Beyond that broad picture, the proposed rule specifics should give everyone pause. For example: Some categorical changes would be made to halt treatment of new patients for several mental-health problems, such as post-traumatic stress disorder. This is a disturbing prospect, considering that the demand for PTSD treatment can only be on the rise with the frequent deployments of military personnel to war zones.

Further, one rule change seeks to make the process of further reductions relatively painless -- not for the patients, but for state policymakers. "In the event of budget restrictions, reductions in force or similar measures limiting the department's available resources, the director may change or reduce community mental health services." Changes in services should be transparent to the taxpaying public through the hearings process, not merely enabled by administrative order.

The Lingle administration certainly acted from the unenviable position of needing to make short-term cuts quickly to balance the budget. And although revenue projections have improved, Hawaii is far from out of the fiscal woods. The incoming Abercrombie administration has pledged to reorient government services to achieve efficiencies and cover what's most important, rather than blithely raising taxes. The mental-health crisis before it presents a formidable challenge of this resolve.

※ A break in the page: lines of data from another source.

text \<open>The coefficient of k^(m+1-i) after substituting X + k*1 for X; L covers both sides on
  which the hypothesis may multiply by X.\<close>

lemma shifted_power_identity_coeff:
  assumes Psi: "additive \<Psi>" and Omega: "additive \<Omega>"
    and identity: "\<And>X. \<Psi> (X ^\<^sub>T Suc m) = L X (\<Omega> (X ^\<^sub>T m))"
    and L: "\<And>X. module_hom scale_tri scale_tri (L X)"
    and K: "module_hom scale_tri scale_tri K"
    and L_shift: "\<And>X c W. L (X + c *\<^sub>T tone) W = L X W + c *\<^sub>T K W"
    and "i \<le> Suc m"
  shows "of_nat (Suc m choose i) *\<^sub>T \<Psi> (X ^\<^sub>T i) =
     (case i of 0 \<Rightarrow> 0 | Suc j \<Rightarrow> of_nat (m choose j) *\<^sub>T L X (\<Omega> (X ^\<^sub>T j)))
      + of_nat (m choose i) *\<^sub>T K (\<Omega> (X ^\<^sub>T i))"
proof -
  define A where "A i = (case i of 0 \<Rightarrow> 0 | Suc j \<Rightarrow> of_nat (m choose j) *\<^sub>T L X (\<Omega> (X ^\<^sub>T j)))" for i
  define B where "B i = of_nat (m choose i) *\<^sub>T K (\<Omega> (X ^\<^sub>T i))" for i
  have "of_nat (Suc m choose i) *\<^sub>T \<Psi> (X ^\<^sub>T i) - A i - B i = 0"
  proof (rule vector_space_poly_coeffs_eq_0_rev[OF tri.vector_space_axioms _ \<open>i \<le> Suc m\<close>])
    fix k :: nat
    define Y where "Y = X + of_nat k *\<^sub>T tone"
    interpret LX: module_hom scale_tri scale_tri "L X" by (rule L)
    interpret K: module_hom scale_tri scale_tri K by (rule K)
    have "L X (\<Omega> (Y ^\<^sub>T m)) = (\<Sum>j\<le>m. of_nat k ^ (m - j) *\<^sub>T A (Suc j))"
      by (simp add: Y_def A_def additive_power_shift_tone[OF Omega] LX.sum LX.scale)
    also have "\<dots> = (\<Sum>i\<le>Suc m. of_nat k ^ (Suc m - i) *\<^sub>T A i)"
      by (simp add: sum.atMost_Suc_shift A_def del: sum.atMost_Suc)
    finally have L_part: "L X (\<Omega> (Y ^\<^sub>T m)) = (\<Sum>i\<le>Suc m. of_nat k ^ (Suc m - i) *\<^sub>T A i)" .
    have "of_nat k *\<^sub>T K (\<Omega> (Y ^\<^sub>T m)) = (\<Sum>i\<le>m. of_nat k ^ (Suc m - i) *\<^sub>T B i)"
      by (simp add: Y_def B_def additive_power_shift_tone[OF Omega] K.sum K.scale
          tri.scale_sum_right Suc_diff_le mult.assoc)
    also have "\<dots> = (\<Sum>i\<le>Suc m. of_nat k ^ (Suc m - i) *\<^sub>T B i)"
      by (simp add: B_def binomial_eq_0)
    finally have K_part: "of_nat k *\<^sub>T K (\<Omega> (Y ^\<^sub>T m)) = (\<Sum>i\<le>Suc m. of_nat k ^ (Suc m - i) *\<^sub>T B i)" .
    have "\<Psi> (Y ^\<^sub>T Suc m) = L X (\<Omega> (Y ^\<^sub>T m)) + of_nat k *\<^sub>T K (\<Omega> (Y ^\<^sub>T m))"
      by (simp only: identity Y_def L_shift)
    also have "\<dots> = (\<Sum>i\<le>Suc m. of_nat k ^ (Suc m - i) *\<^sub>T A i) + (\<Sum>i\<le>Suc m. of_nat k ^ (Suc m - i) *\<^sub>T B i)"
      by (simp only: L_part K_part)
    finally have "(\<Sum>i\<le>Suc m. of_nat k ^ (Suc m - i) *\<^sub>T of_nat (Suc m choose i) *\<^sub>T \<Psi> (X ^\<^sub>T i))
        = (\<Sum>i\<le>Suc m. of_nat k ^ (Suc m - i) *\<^sub>T A i) + (\<Sum>i\<le>Suc m. of_nat k ^ (Suc m - i) *\<^sub>T B i)"
      unfolding Y_def additive_power_shift_tone[OF Psi] .
    then show "(\<Sum>i\<le>Suc m. of_nat k ^ (Suc m - i) *\<^sub>T (of_nat (Suc m choose i) *\<^sub>T \<Psi> (X ^\<^sub>T i) - A i - B i)) = 0"
      by (simp add: tri.scale_right_diff_distrib sum_subtractf)
  qed
  then show ?thesis
    by (simp add: A_def B_def algebra_simps)
qed

end

locale faithful_triangular_algebra = triangular_algebra +
  assumes faithful_left: "faithful_left lA" and faithful_right: "faithful_right rB"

In March, lawmakers took testimony under oath from Dr. Tina McLaughlin, one of the top executives of the private mental health agency Care Hawaii Inc. Dr. McLaughlin told legislators that she compiled data of the number of deaths among mental patients that resulted from curbs on their access to care and follow-up, data that showed a 36 percent increase over the 2008 death count. At last week's hearing, Eileen Uchima of the National Alliance on Mental Illness' Hawaii office cited that "deplorable statistic" and urged legislators "not to make these changes on the backs of extremely vulnerable people."

If anyone is truly in need of a safety net, it would be people whose condition erects a barrier between themselves and self-sufficiency. It is for these people that a robust mental-health delivery system is so critical.